To ask Her Majesty's Government whether monies paid towards a service charge on a residential leasehold property fall within the meaning of clients' money in Section 12 of the Estate Agents Act 1979; and what impact they forecast the Enterprise and Regulatory Reform Bill, if enacted, will have on protection of funds held by managers of residential leasehold properties.

Photo of Baroness Hanham Baroness Hanham The Parliamentary Under-Secretary of State for Communities and Local Government

Section 12 of the Estate Agents Act 1979 sets out the meaning of "client money" for the purposes of estate agency work, including in respect of client money protection requirements at Section 13 of that Act.
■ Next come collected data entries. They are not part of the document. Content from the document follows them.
lemma Hn_quotient_shifts_tails:
  assumes "x1 \<in> Hn n" "x2 \<in> Hn n"
  shows "shifts_tails {1..n} id (\<lambda>i. tH i x1 - tH i x2) (inv_into (Xn n) x2 \<circ> x1)"
proof -
  let ?t = "\<lambda>i. tH i x1 - tH i x2"
  have inj2: "inj_on x2 (Xn n)" using assms(2) by (simp add: Hn_def bij_betw_def)
  have tail1: "\<forall>\<^sub>F m in sequentially. \<forall>i\<in>{1..n}. x1 (i, m) = (i, nat (int m + tH i x1))"
    using Hn_shifts_tails[OF assms(1)] by (simp add: shifts_tails_def)
  have tail2: "\<forall>\<^sub>F m in sequentially. \<forall>i\<in>{1..n}. \<forall>j\<in>{1..n}.
      x2 (j, nat (int m + ?t i)) = (j, nat (int (nat (int m + ?t i)) + tH j x2))"
    by (intro eventually_ball_finite ballI eventually_sequentially_nat_add
        Hn_shifts_tails[OF assms(2), unfolded shifts_tails_def id_apply]) simp
  have pos: "\<forall>\<^sub>F m in sequentially. \<forall>i\<in>{1..n}. 1 \<le> int m + ?t i"
    by (intro eventually_ball_finite ballI eventually_sequentially_int_add_ge) simp
  show ?thesis
    unfolding shifts_tails_def using tail1 tail2 pos
  proof eventually_elim
    case (elim m)
    show ?case
    proof
      fix i assume i: "i \<in> {1..n}"
      have pos_i: "1 \<le> int m + ?t i" using elim i by blast
      have "x2 (i, nat (int m + ?t i)) = (i, nat (int (nat (int m + ?t i)) + tH i x2))"
        using elim i by blast
      also have "\<dots> = x1 (i, m)"
        using bspec[OF elim(1) i] pos_i by simp
      finally have "x2 (i, nat (int m + ?t i)) = x1 (i, m)" .
      moreover have "(i, nat (int m + ?t i)) \<in> Xn n"
        using i pos_i by (simp add: Xn_def)
      ultimately show "(inv_into (Xn n) x2 \<circ> x1) (i, m) = (id i, nat (int m + ?t i))"
        by (simp add: inv_into_f_eq[OF inj2])
    qed
  qed
qed

lemma HSn_permutation: "g \<in> HSn n \<Longrightarrow> permutation (sigma_of n g)"
  using HSn_decomposition(2) permutation_permutes by blast

lemma cls_eq_orbit: "cls n g i = range (\<lambda>k. (sigma_of n g ^^ k) i)"
  by (auto simp: cls_def)

lemma Icr_iff:
  assumes "g \<in> HSn n"
  shows "i \<in> Icr n g r \<longleftrightarrow> i \<in> {1..n} \<and> least_power (sigma_of n g) i = r \<and>
    (\<Sum>l<r. tG n ((sigma_of n g ^^ l) i) g) = 0"
  by (auto simp: Icr_def Ic_def tcls_def cls_eq_orbit
      card_orbit_eq_least_power[OF HSn_permutation[OF assms]]
      sum_orbit_eq_least_power[OF HSn_permutation[OF assms]])

lemma centraliser_shift_cycle_invariant:
  assumes "g \<in> HSn n" and commute: "\<And>p. p \<in> Xn n \<Longrightarrow> c (g p) = g (c p)"
    and "shifts_tails {1..n} id s c" and "i \<in> {1..n}"
  shows "s (sigma_of n g i) = s i"
proof (rule shifts_tails_commute_cycle_invariant[OF _ _ HSn_shifts_tails[OF assms(1)] assms(3) _
      assms(4)])
  show "sigma_of n g ` {1..n} \<subseteq> {1..n}"
    using permutes_image[OF HSn_decomposition(2)[OF assms(1)]] by simp
  show "c (g (j, m)) = g (c (j, m))" if "j \<in> {1..n}" "0 < m" for j m
    using commute that by (simp add: Xn_def)
qed simp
Service charges paid by leaseholders in respect of residential leasehold properties do not fall within the meaning of Section 12 of that Act. It is also not entirely clear what impact Clause 71 (Letting Agents etc) of the Enterprise and Regulatory Reform Bill as amended on Report in the Lords, would have on the protection of service charges in the residential leasehold sector, if enacted.

However, service charge monies are already protected under Section 42 of the Landlord and Tenant Act 1987. This requires that service charges must be held in one or more accounts and at a financial institution specified by regulations. Service charges are also deemed to be held in a statutory trust and can only be used for the purposes for which they have been collected.